== Task to complete ==
Could you write out each entry exactly as it reads?

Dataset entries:
_ _ _ _ _ _ _

lemma D_eq_ols_slope:
  assumes "0 < mean_X" "mean_X < 1"
  shows "D M X Y = ols_slope mean_X mean_Y (\<Sum>n\<in>UNIV. S 1 n)"
proof -
  have Y: "(\<integral>\<omega>. indicator (evX M X x) \<omega> * Y \<omega> \<partial>M)
      = (\<Sum>n\<in>UNIV. of_bool (1 = x) * S 1 n + of_bool (0 = x) * S 0 n)" for x
    by (rule integral_cells_Y) (simp add: evX_def)
  have P: "measure M (evX M X x) = (\<Sum>n\<in>UNIV. of_bool (1 = x) * P 1 n + of_bool (0 = x) * P 0 n)"
    for x
  proof -
    have "measure M (evX M X x) = (\<integral>\<omega>. indicator (evX M X x) \<omega> \<partial>M)"
      by (simp add: evX_def)
    also have "\<dots> = (\<Sum>n\<in>UNIV. of_bool (1 = x) * P 1 n + of_bool (0 = x) * P 0 n)"
      by (rule integral_cells_prob) (simp add: evX_def)
    finally show ?thesis .
  qed
  have "(\<Sum>n\<in>UNIV. S 0 n) = mean_Y - (\<Sum>n\<in>UNIV. S 1 n)"
    by (simp add: sum.distrib)
  then show ?thesis
    using Y[of 1] Y[of 0] P[of 1] P[of 0] ols_slope_eq_diff_means[OF assms, of _ mean_Y]
    by (simp add: D_def cexp_def sum_P0)
qed

lemma deltaB_eq: "deltaB M X Y N = (\<Sum>n\<in>UNIV. S 1 n) - (\<Sum>n\<in>UNIV. S_uncorr n)"
proof -
  have "deltaB M X Y N = (\<Sum>n\<in>UNIV. (S 1 n / PN n - P 1 n / PN n * (SN n / PN n)) * PN n)"
    unfolding deltaB_def condRV_def condN_XY condN_X condN_Y by (rule Expect_fun_N)
  then show ?thesis
    by (simp only: stratum_rescale[OF cell_prob_nonneg cell_prob_nonneg null_stratum] sum_subtractf)
qed

lemma DNM_eq_ols_slope:
  assumes "0 < mean_X" "mean_X < 1"
  shows "DNM M X Y N = ols_slope mean_X mean_Y (\<Sum>n\<in>UNIV. S_uncorr n)"
proof -
  note rescale = stratum_rescale[OF cell_prob_nonneg cell_prob_nonneg null_stratum]
  have "Expect M (\<lambda>\<omega>. condRV M N X \<omega> * condRV M N Y \<omega>) = (\<Sum>n\<in>UNIV. S_uncorr n)"
    "Expect M (condRV M N X) = mean_X"
    "Expect M (\<lambda>\<omega>. (1 - condRV M N X \<omega>) * condRV M N Y \<omega>) = mean_Y - (\<Sum>n\<in>UNIV. S_uncorr n)"
    "Expect M (\<lambda>\<omega>. 1 - condRV M N X \<omega>) = 1 - mean_X"
    unfolding condRV_def condN_X condN_Y
    by (subst Expect_fun_N; simp only: rescale sum_subtractf sum_P0)+
  then show ?thesis
    unfolding DNM_def by (simp add: ols_slope_eq_diff_means[OF assms])
qed

lemma DMOBp_eq_ols_slope:
  "DMOBp M X Y N ylo yhi
     = ols_slope mean_X mean_Y (\<Sum>n\<in>UNIV. split_max ylo yhi (P 1 n) (P 0 n) (SN n))"
  unfolding DMOBp_def condRV_def condN_X condN_Y Var_X Expect_X Expect_Y ols_slope_def
  by (subst Expect_fun_N)
    (simp only: split_max_rescale[OF cell_prob_nonneg cell_prob_nonneg null_stratum(2)])

lemma DMOBm_eq_ols_slope:
  "DMOBm M X Y N ylo yhi
     = ols_slope mean_X mean_Y (\<Sum>n\<in>UNIV. SN n - split_max ylo yhi (P 0 n) (P 1 n) (SN n))"
  unfolding DMOBm_def condRV_def condN_X condN_Y Var_X Expect_X Expect_Y ols_slope_def
  by (subst Expect_fun_N)
    (simp only: split_max_rescale[OF cell_prob_nonneg cell_prob_nonneg null_stratum(2)],
      simp add: sum_subtractf algebra_simps)
(* Let $B_1$ and $B_2$ be $m$-level rook equivalent singleton boards, both written with $n$ columns, such that $\{B_1,B_2\}$ is an edge of the $m$-level rook equivalence graph. Then the $m$-level root vectors $\xi_m(B_1)$ and $\xi_m(B_2)$ differ only in two positions, whose entries are swapped. That is, if $\xi_m(B_1)=\langle z_1,\ldots,z_{i_1},\ldots,z_{i_2},\ldots,z_n\rangle$ then $\xi_m(B_2)=\langle z_1,\ldots,z_{i_2},\ldots,z_{i_1},\ldots,z_n\rangle$ for some $1\le i_1<i_2\le n$ with $z_{i_1}\ne z_{i_2}$.
   Context: Fix an integer $m>0$. A Ferrers board is given by a weakly increasing sequence of non-negative integers $B=(b_1,\ldots,b_n)$ of column heights (cells in column $i$, rows $1,\ldots,b_i$, of the first quadrant); prepending height-$0$ columns on the left does not change the board, and boards are compared with the same number of columns by such padding. The rows are partitioned into levels: level $t$ consists of rows $(t-1)m+1,\ldots,tm$. An $m$-level rook placement of $k$ rooks is a set of $k$ cells of $B$, no two in the same level or the same column; $r_{k,m}(B)$ is their number, and two boards are $m$-level rook equivalent if they have equal $r_{k,m}$ for all $k\ge0$. For an integer $o$, $\lfloor o\rfloor_m$ is the largest multiple of $m$ that is $\le o$. $B$ is singleton if for each $i<n$, $b_i-\lfloor b_i\rfloor_m\ne0$ implies $\lfloor b_i\rfloor_m<\lfloor b_{i+1}\rfloor_m$. The $m$-level root vector of $B$ is $\xi_m(B)=\langle 0-b_1,m-b_2,\ldots,m(n-1)-b_n\rangle$. The $m$-level rook equivalence graph of the class of a singleton board $B$ has as vertices all singleton boards $m$-level rook equivalent to $B$, and $\{B_1,B_2\}$ is an edge iff, written with the same number of columns, $B_1$ and $B_2$ differ in exactly two columns $i,j$, where $B_1$ has $k$ more cells than $B_2$ in column $i$ and $k$ fewer in column $j$, for some $k>0$. *)

theory Defs
  imports Main
begin

text \<open>A Ferrers board is a list of column heights (b_1,...,b_n), weakly increasing.
  Column i (1-based) contains the cells (i, r) with 1 \<le> r \<le> b_i.\<close>

definition ferrers :: "nat list \<Rightarrow> bool" where
  "ferrers B \<longleftrightarrow> sorted B"

definition cells :: "nat list \<Rightarrow> (nat \<times> nat) set" where
  "cells B = {(i, r). 1 \<le> i \<and> i \<le> length B \<and> 1 \<le> r \<and> r \<le> B ! (i - 1)}"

_ _ _ _ _ _ _

== Solution for this task ==
lemma D_eq_ols_slope:
  assumes "0 < mean_X" "mean_X < 1"
  shows "D M X Y = ols_slope mean_X mean_Y (\<Sum>n\<in>UNIV. S 1 n)"
proof -
  have Y: "(\<integral>\<omega>. indicator (evX M X x) \<omega> * Y \<omega> \<partial>M)
      = (\<Sum>n\<in>UNIV. of_bool (1 = x) * S 1 n + of_bool (0 = x) * S 0 n)" for x
    by (rule integral_cells_Y) (simp add: evX_def)
  have P: "measure M (evX M X x) = (\<Sum>n\<in>UNIV. of_bool (1 = x) * P 1 n + of_bool (0 = x) * P 0 n)"
    for x
  proof -
    have "measure M (evX M X x) = (\<integral>\<omega>. indicator (evX M X x) \<omega> \<partial>M)"
      by (simp add: evX_def)
    also have "\<dots> = (\<Sum>n\<in>UNIV. of_bool (1 = x) * P 1 n + of_bool (0 = x) * P 0 n)"
      by (rule integral_cells_prob) (simp add: evX_def)
    finally show ?thesis .
  qed
  have "(\<Sum>n\<in>UNIV. S 0 n) = mean_Y - (\<Sum>n\<in>UNIV. S 1 n)"
    by (simp add: sum.distrib)
  then show ?thesis
    using Y[of 1] Y[of 0] P[of 1] P[of 0] ols_slope_eq_diff_means[OF assms, of _ mean_Y]
    by (simp add: D_def cexp_def sum_P0)
qed

lemma deltaB_eq: "deltaB M X Y N = (\<Sum>n\<in>UNIV. S 1 n) - (\<Sum>n\<in>UNIV. S_uncorr n)"
proof -
  have "deltaB M X Y N = (\<Sum>n\<in>UNIV. (S 1 n / PN n - P 1 n / PN n * (SN n / PN n)) * PN n)"
    unfolding deltaB_def condRV_def condN_XY condN_X condN_Y by (rule Expect_fun_N)
  then show ?thesis
    by (simp only: stratum_rescale[OF cell_prob_nonneg cell_prob_nonneg null_stratum] sum_subtractf)
qed

lemma DNM_eq_ols_slope:
  assumes "0 < mean_X" "mean_X < 1"
  shows "DNM M X Y N = ols_slope mean_X mean_Y (\<Sum>n\<in>UNIV. S_uncorr n)"
proof -
  note rescale = stratum_rescale[OF cell_prob_nonneg cell_prob_nonneg null_stratum]
  have "Expect M (\<lambda>\<omega>. condRV M N X \<omega> * condRV M N Y \<omega>) = (\<Sum>n\<in>UNIV. S_uncorr n)"
    "Expect M (condRV M N X) = mean_X"
    "Expect M (\<lambda>\<omega>. (1 - condRV M N X \<omega>) * condRV M N Y \<omega>) = mean_Y - (\<Sum>n\<in>UNIV. S_uncorr n)"
    "Expect M (\<lambda>\<omega>. 1 - condRV M N X \<omega>) = 1 - mean_X"
    unfolding condRV_def condN_X condN_Y
    by (subst Expect_fun_N; simp only: rescale sum_subtractf sum_P0)+
  then show ?thesis
    unfolding DNM_def by (simp add: ols_slope_eq_diff_means[OF assms])
qed

lemma DMOBp_eq_ols_slope:
  "DMOBp M X Y N ylo yhi
     = ols_slope mean_X mean_Y (\<Sum>n\<in>UNIV. split_max ylo yhi (P 1 n) (P 0 n) (SN n))"
  unfolding DMOBp_def condRV_def condN_X condN_Y Var_X Expect_X Expect_Y ols_slope_def
  by (subst Expect_fun_N)
    (simp only: split_max_rescale[OF cell_prob_nonneg cell_prob_nonneg null_stratum(2)])

lemma DMOBm_eq_ols_slope:
  "DMOBm M X Y N ylo yhi
     = ols_slope mean_X mean_Y (\<Sum>n\<in>UNIV. SN n - split_max ylo yhi (P 0 n) (P 1 n) (SN n))"
  unfolding DMOBm_def condRV_def condN_X condN_Y Var_X Expect_X Expect_Y ols_slope_def
  by (subst Expect_fun_N)
    (simp only: split_max_rescale[OF cell_prob_nonneg cell_prob_nonneg null_stratum(2)],
      simp add: sum_subtractf algebra_simps)
(* Let $B_1$ and $B_2$ be $m$-level rook equivalent singleton boards, both written with $n$ columns, such that $\{B_1,B_2\}$ is an edge of the $m$-level rook equivalence graph. Then the $m$-level root vectors $\xi_m(B_1)$ and $\xi_m(B_2)$ differ only in two positions, whose entries are swapped. That is, if $\xi_m(B_1)=\langle z_1,\ldots,z_{i_1},\ldots,z_{i_2},\ldots,z_n\rangle$ then $\xi_m(B_2)=\langle z_1,\ldots,z_{i_2},\ldots,z_{i_1},\ldots,z_n\rangle$ for some $1\le i_1<i_2\le n$ with $z_{i_1}\ne z_{i_2}$.
   Context: Fix an integer $m>0$. A Ferrers board is given by a weakly increasing sequence of non-negative integers $B=(b_1,\ldots,b_n)$ of column heights (cells in column $i$, rows $1,\ldots,b_i$, of the first quadrant); prepending height-$0$ columns on the left does not change the board, and boards are compared with the same number of columns by such padding. The rows are partitioned into levels: level $t$ consists of rows $(t-1)m+1,\ldots,tm$. An $m$-level rook placement of $k$ rooks is a set of $k$ cells of $B$, no two in the same level or the same column; $r_{k,m}(B)$ is their number, and two boards are $m$-level rook equivalent if they have equal $r_{k,m}$ for all $k\ge0$. For an integer $o$, $\lfloor o\rfloor_m$ is the largest multiple of $m$ that is $\le o$. $B$ is singleton if for each $i<n$, $b_i-\lfloor b_i\rfloor_m\ne0$ implies $\lfloor b_i\rfloor_m<\lfloor b_{i+1}\rfloor_m$. The $m$-level root vector of $B$ is $\xi_m(B)=\langle 0-b_1,m-b_2,\ldots,m(n-1)-b_n\rangle$. The $m$-level rook equivalence graph of the class of a singleton board $B$ has as vertices all singleton boards $m$-level rook equivalent to $B$, and $\{B_1,B_2\}$ is an edge iff, written with the same number of columns, $B_1$ and $B_2$ differ in exactly two columns $i,j$, where $B_1$ has $k$ more cells than $B_2$ in column $i$ and $k$ fewer in column $j$, for some $k>0$. *)

theory Defs
  imports Main
begin

text \<open>A Ferrers board is a list of column heights (b_1,...,b_n), weakly increasing.
  Column i (1-based) contains the cells (i, r) with 1 \<le> r \<le> b_i.\<close>

definition ferrers :: "nat list \<Rightarrow> bool" where
  "ferrers B \<longleftrightarrow> sorted B"

definition cells :: "nat list \<Rightarrow> (nat \<times> nat) set" where
  "cells B = {(i, r). 1 \<le> i \<and> i \<le> length B \<and> 1 \<le> r \<and> r \<le> B ! (i - 1)}"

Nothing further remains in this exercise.